About this task —
Filter the material, keeping only lines with the word "metis".

Records supplied —
────────────────────

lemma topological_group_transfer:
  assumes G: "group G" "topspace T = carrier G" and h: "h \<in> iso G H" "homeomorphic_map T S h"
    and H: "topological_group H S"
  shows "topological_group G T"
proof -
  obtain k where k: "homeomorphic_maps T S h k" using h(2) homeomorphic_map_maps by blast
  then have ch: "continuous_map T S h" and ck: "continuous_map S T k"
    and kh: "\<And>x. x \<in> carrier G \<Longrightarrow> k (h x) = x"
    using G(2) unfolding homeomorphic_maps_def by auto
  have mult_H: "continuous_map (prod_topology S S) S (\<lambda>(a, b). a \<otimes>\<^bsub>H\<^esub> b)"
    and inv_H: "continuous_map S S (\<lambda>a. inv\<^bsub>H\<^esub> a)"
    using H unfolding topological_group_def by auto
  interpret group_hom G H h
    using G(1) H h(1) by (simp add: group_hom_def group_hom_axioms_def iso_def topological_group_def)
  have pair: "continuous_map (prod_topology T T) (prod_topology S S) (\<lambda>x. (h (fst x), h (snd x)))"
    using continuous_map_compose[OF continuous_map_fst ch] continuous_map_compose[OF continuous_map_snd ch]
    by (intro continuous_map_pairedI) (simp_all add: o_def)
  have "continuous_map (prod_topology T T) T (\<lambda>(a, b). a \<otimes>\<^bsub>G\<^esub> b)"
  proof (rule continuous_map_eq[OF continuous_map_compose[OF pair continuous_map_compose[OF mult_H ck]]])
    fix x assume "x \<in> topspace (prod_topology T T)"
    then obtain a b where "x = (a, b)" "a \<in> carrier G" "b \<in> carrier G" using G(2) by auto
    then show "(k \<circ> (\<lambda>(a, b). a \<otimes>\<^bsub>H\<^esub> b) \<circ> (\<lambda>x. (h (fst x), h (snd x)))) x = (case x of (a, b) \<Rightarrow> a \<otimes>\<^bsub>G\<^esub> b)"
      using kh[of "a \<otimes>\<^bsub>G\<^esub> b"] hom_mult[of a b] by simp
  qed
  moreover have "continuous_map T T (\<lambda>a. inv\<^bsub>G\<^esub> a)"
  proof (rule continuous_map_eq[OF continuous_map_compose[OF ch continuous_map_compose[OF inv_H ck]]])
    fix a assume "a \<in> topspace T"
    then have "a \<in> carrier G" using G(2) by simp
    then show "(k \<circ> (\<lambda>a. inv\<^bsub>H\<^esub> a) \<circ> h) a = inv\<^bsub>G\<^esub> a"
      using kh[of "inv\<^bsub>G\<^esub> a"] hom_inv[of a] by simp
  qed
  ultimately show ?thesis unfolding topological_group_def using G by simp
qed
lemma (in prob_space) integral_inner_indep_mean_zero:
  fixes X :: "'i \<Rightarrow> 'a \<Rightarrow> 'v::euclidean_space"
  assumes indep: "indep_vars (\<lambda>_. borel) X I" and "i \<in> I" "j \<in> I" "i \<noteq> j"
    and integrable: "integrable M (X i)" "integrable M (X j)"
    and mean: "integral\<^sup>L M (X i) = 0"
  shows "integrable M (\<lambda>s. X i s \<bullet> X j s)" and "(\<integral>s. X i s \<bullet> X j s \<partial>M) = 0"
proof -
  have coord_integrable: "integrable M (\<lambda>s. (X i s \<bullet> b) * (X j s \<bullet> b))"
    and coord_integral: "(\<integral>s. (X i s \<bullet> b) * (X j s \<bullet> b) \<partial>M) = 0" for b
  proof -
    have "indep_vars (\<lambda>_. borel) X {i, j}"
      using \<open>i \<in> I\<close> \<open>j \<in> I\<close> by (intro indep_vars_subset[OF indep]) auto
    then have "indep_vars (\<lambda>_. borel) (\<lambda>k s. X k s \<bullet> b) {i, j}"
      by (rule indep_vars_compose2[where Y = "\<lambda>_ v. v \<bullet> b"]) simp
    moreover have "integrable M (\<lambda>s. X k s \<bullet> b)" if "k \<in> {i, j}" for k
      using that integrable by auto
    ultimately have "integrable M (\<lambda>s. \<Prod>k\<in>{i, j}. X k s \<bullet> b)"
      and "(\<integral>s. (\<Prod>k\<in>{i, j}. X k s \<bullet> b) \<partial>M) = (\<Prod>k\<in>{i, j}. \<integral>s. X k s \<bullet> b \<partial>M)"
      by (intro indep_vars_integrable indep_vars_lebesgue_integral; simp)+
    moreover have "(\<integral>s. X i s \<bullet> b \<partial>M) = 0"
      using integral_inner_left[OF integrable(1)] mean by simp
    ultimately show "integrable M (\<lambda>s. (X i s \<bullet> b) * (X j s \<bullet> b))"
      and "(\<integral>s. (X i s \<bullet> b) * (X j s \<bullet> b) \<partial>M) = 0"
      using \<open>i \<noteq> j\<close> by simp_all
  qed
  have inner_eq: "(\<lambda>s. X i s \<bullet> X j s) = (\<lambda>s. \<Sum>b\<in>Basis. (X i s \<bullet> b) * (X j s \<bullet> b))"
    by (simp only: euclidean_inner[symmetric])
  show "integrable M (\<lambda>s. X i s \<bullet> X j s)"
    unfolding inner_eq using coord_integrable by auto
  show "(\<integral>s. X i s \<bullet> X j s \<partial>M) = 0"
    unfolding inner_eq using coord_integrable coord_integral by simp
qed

────────────────────

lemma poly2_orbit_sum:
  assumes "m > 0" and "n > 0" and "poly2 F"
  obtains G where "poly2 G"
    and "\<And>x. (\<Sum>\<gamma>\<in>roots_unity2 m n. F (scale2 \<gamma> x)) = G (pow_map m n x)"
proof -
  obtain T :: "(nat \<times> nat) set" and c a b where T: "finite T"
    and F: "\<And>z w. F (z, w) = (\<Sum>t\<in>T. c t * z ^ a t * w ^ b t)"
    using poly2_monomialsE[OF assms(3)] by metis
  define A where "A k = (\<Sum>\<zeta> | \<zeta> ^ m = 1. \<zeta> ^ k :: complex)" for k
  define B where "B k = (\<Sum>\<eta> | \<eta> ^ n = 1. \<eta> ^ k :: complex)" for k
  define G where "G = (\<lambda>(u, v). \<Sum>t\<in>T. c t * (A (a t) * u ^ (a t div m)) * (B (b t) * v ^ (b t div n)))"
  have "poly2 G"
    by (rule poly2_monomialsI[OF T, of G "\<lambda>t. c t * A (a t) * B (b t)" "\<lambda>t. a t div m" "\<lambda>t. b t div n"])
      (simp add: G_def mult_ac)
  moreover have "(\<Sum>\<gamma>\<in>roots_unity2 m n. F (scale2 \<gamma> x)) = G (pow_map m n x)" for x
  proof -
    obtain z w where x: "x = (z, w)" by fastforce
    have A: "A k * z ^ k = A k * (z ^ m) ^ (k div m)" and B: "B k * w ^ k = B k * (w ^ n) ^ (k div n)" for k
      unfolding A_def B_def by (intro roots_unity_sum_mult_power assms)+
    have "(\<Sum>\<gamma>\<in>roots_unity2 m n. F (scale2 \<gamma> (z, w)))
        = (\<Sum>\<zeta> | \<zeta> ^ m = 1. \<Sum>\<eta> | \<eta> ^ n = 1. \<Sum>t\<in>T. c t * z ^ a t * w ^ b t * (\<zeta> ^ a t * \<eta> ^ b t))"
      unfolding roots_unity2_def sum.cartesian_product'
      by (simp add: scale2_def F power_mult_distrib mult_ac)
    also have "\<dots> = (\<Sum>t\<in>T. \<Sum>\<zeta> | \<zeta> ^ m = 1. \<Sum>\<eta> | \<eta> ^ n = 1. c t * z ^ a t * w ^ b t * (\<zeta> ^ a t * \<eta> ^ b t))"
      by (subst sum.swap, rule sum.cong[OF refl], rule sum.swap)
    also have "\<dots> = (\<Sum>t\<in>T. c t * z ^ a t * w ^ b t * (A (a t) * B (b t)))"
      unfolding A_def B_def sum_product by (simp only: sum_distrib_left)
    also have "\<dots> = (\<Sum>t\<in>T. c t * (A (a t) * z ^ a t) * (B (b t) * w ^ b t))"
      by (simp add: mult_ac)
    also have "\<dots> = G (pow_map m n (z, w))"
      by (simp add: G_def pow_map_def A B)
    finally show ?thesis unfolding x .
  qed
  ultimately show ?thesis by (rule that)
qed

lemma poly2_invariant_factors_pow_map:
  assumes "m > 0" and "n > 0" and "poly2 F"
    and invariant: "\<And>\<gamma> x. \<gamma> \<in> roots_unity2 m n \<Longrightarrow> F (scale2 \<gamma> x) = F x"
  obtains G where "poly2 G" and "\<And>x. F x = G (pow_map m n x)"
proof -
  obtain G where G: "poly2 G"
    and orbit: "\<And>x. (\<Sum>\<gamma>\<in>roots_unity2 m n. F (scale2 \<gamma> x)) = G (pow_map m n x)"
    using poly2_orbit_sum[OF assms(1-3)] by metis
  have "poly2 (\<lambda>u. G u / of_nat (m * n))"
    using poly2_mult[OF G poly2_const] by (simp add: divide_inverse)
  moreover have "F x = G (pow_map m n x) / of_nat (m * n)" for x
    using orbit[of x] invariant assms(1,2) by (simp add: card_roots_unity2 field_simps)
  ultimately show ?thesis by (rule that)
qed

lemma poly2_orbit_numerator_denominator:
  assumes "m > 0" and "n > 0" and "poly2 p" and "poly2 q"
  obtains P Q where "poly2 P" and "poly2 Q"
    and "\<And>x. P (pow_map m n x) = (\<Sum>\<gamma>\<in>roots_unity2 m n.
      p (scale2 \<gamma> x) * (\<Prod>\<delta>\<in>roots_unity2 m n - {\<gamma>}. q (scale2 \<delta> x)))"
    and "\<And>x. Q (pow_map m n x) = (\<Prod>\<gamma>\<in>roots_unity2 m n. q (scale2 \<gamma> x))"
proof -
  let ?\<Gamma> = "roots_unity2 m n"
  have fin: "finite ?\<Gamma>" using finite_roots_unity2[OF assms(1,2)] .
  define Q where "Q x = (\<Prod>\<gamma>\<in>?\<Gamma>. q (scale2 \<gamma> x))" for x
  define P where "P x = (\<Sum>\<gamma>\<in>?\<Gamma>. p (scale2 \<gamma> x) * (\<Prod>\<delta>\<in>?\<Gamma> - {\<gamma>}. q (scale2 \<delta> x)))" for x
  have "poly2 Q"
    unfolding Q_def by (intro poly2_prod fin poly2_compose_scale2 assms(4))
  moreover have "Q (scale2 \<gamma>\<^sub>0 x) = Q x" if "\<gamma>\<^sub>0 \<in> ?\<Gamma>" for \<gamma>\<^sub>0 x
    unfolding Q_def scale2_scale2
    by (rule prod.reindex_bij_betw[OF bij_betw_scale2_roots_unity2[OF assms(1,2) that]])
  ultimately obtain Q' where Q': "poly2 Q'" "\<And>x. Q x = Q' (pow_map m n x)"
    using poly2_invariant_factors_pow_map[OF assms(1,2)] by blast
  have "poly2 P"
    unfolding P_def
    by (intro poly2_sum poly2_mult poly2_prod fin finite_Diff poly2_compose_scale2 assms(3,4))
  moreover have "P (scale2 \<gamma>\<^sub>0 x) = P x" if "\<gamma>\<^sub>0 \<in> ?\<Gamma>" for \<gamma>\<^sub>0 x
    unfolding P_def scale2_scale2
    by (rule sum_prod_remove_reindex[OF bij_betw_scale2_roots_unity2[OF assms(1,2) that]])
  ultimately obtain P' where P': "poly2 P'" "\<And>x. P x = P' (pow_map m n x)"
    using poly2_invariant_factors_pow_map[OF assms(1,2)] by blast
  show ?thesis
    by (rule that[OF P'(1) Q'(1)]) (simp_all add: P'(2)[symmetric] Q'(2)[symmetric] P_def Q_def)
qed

────────────────────

Problem solution —
    using poly2_monomialsE[OF assms(3)] by metis
    using poly2_orbit_sum[OF assms(1-3)] by metis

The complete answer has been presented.